[Saved data entries]
____

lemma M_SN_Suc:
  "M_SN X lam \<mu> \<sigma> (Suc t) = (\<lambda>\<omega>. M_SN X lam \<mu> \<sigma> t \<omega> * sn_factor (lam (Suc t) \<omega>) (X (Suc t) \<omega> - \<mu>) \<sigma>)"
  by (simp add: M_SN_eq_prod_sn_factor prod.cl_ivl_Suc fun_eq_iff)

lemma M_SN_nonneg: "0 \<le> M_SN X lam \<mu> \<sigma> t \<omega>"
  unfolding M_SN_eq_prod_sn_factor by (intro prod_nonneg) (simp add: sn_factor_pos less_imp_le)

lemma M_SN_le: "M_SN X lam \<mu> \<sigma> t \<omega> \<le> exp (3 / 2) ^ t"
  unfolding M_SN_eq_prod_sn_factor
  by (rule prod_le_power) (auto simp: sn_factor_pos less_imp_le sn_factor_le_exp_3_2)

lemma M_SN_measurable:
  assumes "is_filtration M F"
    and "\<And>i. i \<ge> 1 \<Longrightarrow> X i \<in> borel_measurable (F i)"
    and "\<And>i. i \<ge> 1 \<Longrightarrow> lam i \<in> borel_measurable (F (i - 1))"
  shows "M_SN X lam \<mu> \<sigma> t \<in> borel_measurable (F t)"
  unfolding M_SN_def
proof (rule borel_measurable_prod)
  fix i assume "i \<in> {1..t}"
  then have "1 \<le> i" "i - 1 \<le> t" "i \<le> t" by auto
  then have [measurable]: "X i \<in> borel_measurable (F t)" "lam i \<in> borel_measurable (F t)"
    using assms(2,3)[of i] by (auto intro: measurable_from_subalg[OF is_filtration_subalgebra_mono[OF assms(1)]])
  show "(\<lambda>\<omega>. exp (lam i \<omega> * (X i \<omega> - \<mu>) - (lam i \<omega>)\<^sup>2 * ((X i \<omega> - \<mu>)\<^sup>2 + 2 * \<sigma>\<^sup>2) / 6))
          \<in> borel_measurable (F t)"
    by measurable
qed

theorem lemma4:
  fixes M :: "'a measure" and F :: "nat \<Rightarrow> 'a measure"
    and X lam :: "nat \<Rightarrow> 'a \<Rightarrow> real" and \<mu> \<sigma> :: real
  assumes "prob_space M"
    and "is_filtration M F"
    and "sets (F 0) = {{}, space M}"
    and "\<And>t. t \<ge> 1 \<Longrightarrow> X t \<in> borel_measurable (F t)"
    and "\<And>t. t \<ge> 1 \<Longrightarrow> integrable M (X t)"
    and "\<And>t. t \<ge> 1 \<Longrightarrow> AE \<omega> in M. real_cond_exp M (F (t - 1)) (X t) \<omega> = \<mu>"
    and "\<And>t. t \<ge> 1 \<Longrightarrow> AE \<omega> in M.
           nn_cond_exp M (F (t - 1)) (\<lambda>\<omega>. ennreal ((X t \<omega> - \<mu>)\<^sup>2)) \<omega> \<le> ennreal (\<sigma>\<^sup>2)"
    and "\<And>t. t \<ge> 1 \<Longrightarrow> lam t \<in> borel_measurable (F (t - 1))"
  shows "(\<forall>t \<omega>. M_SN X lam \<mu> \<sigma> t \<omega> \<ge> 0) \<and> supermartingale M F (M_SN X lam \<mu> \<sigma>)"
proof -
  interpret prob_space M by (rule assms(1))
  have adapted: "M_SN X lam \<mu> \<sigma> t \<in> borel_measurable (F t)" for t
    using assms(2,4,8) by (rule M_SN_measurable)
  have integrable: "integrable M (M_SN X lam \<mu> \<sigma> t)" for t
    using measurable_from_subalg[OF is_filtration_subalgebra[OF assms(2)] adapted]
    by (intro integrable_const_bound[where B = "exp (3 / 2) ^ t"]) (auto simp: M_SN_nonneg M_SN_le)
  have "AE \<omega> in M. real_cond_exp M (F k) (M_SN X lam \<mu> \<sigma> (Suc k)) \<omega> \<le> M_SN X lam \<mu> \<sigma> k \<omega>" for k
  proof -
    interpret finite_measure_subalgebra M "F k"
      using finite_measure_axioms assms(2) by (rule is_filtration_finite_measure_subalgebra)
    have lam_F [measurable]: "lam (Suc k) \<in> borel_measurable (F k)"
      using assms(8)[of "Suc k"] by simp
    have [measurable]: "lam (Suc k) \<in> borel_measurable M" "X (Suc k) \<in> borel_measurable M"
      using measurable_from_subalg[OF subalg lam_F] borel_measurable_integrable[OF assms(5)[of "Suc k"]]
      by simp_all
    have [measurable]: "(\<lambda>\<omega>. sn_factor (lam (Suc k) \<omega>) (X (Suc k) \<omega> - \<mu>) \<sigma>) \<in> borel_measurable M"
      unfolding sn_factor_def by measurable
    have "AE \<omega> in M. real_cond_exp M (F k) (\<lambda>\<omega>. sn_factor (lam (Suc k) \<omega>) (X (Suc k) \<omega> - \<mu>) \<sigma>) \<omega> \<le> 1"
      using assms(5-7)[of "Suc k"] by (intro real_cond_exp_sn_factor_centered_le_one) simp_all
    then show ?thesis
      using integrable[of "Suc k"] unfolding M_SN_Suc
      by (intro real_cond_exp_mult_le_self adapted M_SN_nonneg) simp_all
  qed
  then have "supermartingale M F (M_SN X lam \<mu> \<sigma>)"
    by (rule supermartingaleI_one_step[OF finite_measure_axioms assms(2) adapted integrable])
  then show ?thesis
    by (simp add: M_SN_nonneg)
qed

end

____

*Work to be completed*.
Reply with the complete data above, every character as it stands.

*Exercise output*.
lemma M_SN_Suc:
  "M_SN X lam \<mu> \<sigma> (Suc t) = (\<lambda>\<omega>. M_SN X lam \<mu> \<sigma> t \<omega> * sn_factor (lam (Suc t) \<omega>) (X (Suc t) \<omega> - \<mu>) \<sigma>)"
  by (simp add: M_SN_eq_prod_sn_factor prod.cl_ivl_Suc fun_eq_iff)

lemma M_SN_nonneg: "0 \<le> M_SN X lam \<mu> \<sigma> t \<omega>"
  unfolding M_SN_eq_prod_sn_factor by (intro prod_nonneg) (simp add: sn_factor_pos less_imp_le)

lemma M_SN_le: "M_SN X lam \<mu> \<sigma> t \<omega> \<le> exp (3 / 2) ^ t"
  unfolding M_SN_eq_prod_sn_factor
  by (rule prod_le_power) (auto simp: sn_factor_pos less_imp_le sn_factor_le_exp_3_2)

lemma M_SN_measurable:
  assumes "is_filtration M F"
    and "\<And>i. i \<ge> 1 \<Longrightarrow> X i \<in> borel_measurable (F i)"
    and "\<And>i. i \<ge> 1 \<Longrightarrow> lam i \<in> borel_measurable (F (i - 1))"
  shows "M_SN X lam \<mu> \<sigma> t \<in> borel_measurable (F t)"
  unfolding M_SN_def
proof (rule borel_measurable_prod)
  fix i assume "i \<in> {1..t}"
  then have "1 \<le> i" "i - 1 \<le> t" "i \<le> t" by auto
  then have [measurable]: "X i \<in> borel_measurable (F t)" "lam i \<in> borel_measurable (F t)"
    using assms(2,3)[of i] by (auto intro: measurable_from_subalg[OF is_filtration_subalgebra_mono[OF assms(1)]])
  show "(\<lambda>\<omega>. exp (lam i \<omega> * (X i \<omega> - \<mu>) - (lam i \<omega>)\<^sup>2 * ((X i \<omega> - \<mu>)\<^sup>2 + 2 * \<sigma>\<^sup>2) / 6))
          \<in> borel_measurable (F t)"
    by measurable
qed

theorem lemma4:
  fixes M :: "'a measure" and F :: "nat \<Rightarrow> 'a measure"
    and X lam :: "nat \<Rightarrow> 'a \<Rightarrow> real" and \<mu> \<sigma> :: real
  assumes "prob_space M"
    and "is_filtration M F"
    and "sets (F 0) = {{}, space M}"
    and "\<And>t. t \<ge> 1 \<Longrightarrow> X t \<in> borel_measurable (F t)"
    and "\<And>t. t \<ge> 1 \<Longrightarrow> integrable M (X t)"
    and "\<And>t. t \<ge> 1 \<Longrightarrow> AE \<omega> in M. real_cond_exp M (F (t - 1)) (X t) \<omega> = \<mu>"
    and "\<And>t. t \<ge> 1 \<Longrightarrow> AE \<omega> in M.
           nn_cond_exp M (F (t - 1)) (\<lambda>\<omega>. ennreal ((X t \<omega> - \<mu>)\<^sup>2)) \<omega> \<le> ennreal (\<sigma>\<^sup>2)"
    and "\<And>t. t \<ge> 1 \<Longrightarrow> lam t \<in> borel_measurable (F (t - 1))"
  shows "(\<forall>t \<omega>. M_SN X lam \<mu> \<sigma> t \<omega> \<ge> 0) \<and> supermartingale M F (M_SN X lam \<mu> \<sigma>)"
proof -
  interpret prob_space M by (rule assms(1))
  have adapted: "M_SN X lam \<mu> \<sigma> t \<in> borel_measurable (F t)" for t
    using assms(2,4,8) by (rule M_SN_measurable)
  have integrable: "integrable M (M_SN X lam \<mu> \<sigma> t)" for t
    using measurable_from_subalg[OF is_filtration_subalgebra[OF assms(2)] adapted]
    by (intro integrable_const_bound[where B = "exp (3 / 2) ^ t"]) (auto simp: M_SN_nonneg M_SN_le)
  have "AE \<omega> in M. real_cond_exp M (F k) (M_SN X lam \<mu> \<sigma> (Suc k)) \<omega> \<le> M_SN X lam \<mu> \<sigma> k \<omega>" for k
  proof -
    interpret finite_measure_subalgebra M "F k"
      using finite_measure_axioms assms(2) by (rule is_filtration_finite_measure_subalgebra)
    have lam_F [measurable]: "lam (Suc k) \<in> borel_measurable (F k)"
      using assms(8)[of "Suc k"] by simp
    have [measurable]: "lam (Suc k) \<in> borel_measurable M" "X (Suc k) \<in> borel_measurable M"
      using measurable_from_subalg[OF subalg lam_F] borel_measurable_integrable[OF assms(5)[of "Suc k"]]
      by simp_all
    have [measurable]: "(\<lambda>\<omega>. sn_factor (lam (Suc k) \<omega>) (X (Suc k) \<omega> - \<mu>) \<sigma>) \<in> borel_measurable M"
      unfolding sn_factor_def by measurable
    have "AE \<omega> in M. real_cond_exp M (F k) (\<lambda>\<omega>. sn_factor (lam (Suc k) \<omega>) (X (Suc k) \<omega> - \<mu>) \<sigma>) \<omega> \<le> 1"
      using assms(5-7)[of "Suc k"] by (intro real_cond_exp_sn_factor_centered_le_one) simp_all
    then show ?thesis
      using integrable[of "Suc k"] unfolding M_SN_Suc
      by (intro real_cond_exp_mult_le_self adapted M_SN_nonneg) simp_all
  qed
  then have "supermartingale M F (M_SN X lam \<mu> \<sigma>)"
    by (rule supermartingaleI_one_step[OF finite_measure_axioms assms(2) adapted integrable])
  then show ?thesis
    by (simp add: M_SN_nonneg)
qed

end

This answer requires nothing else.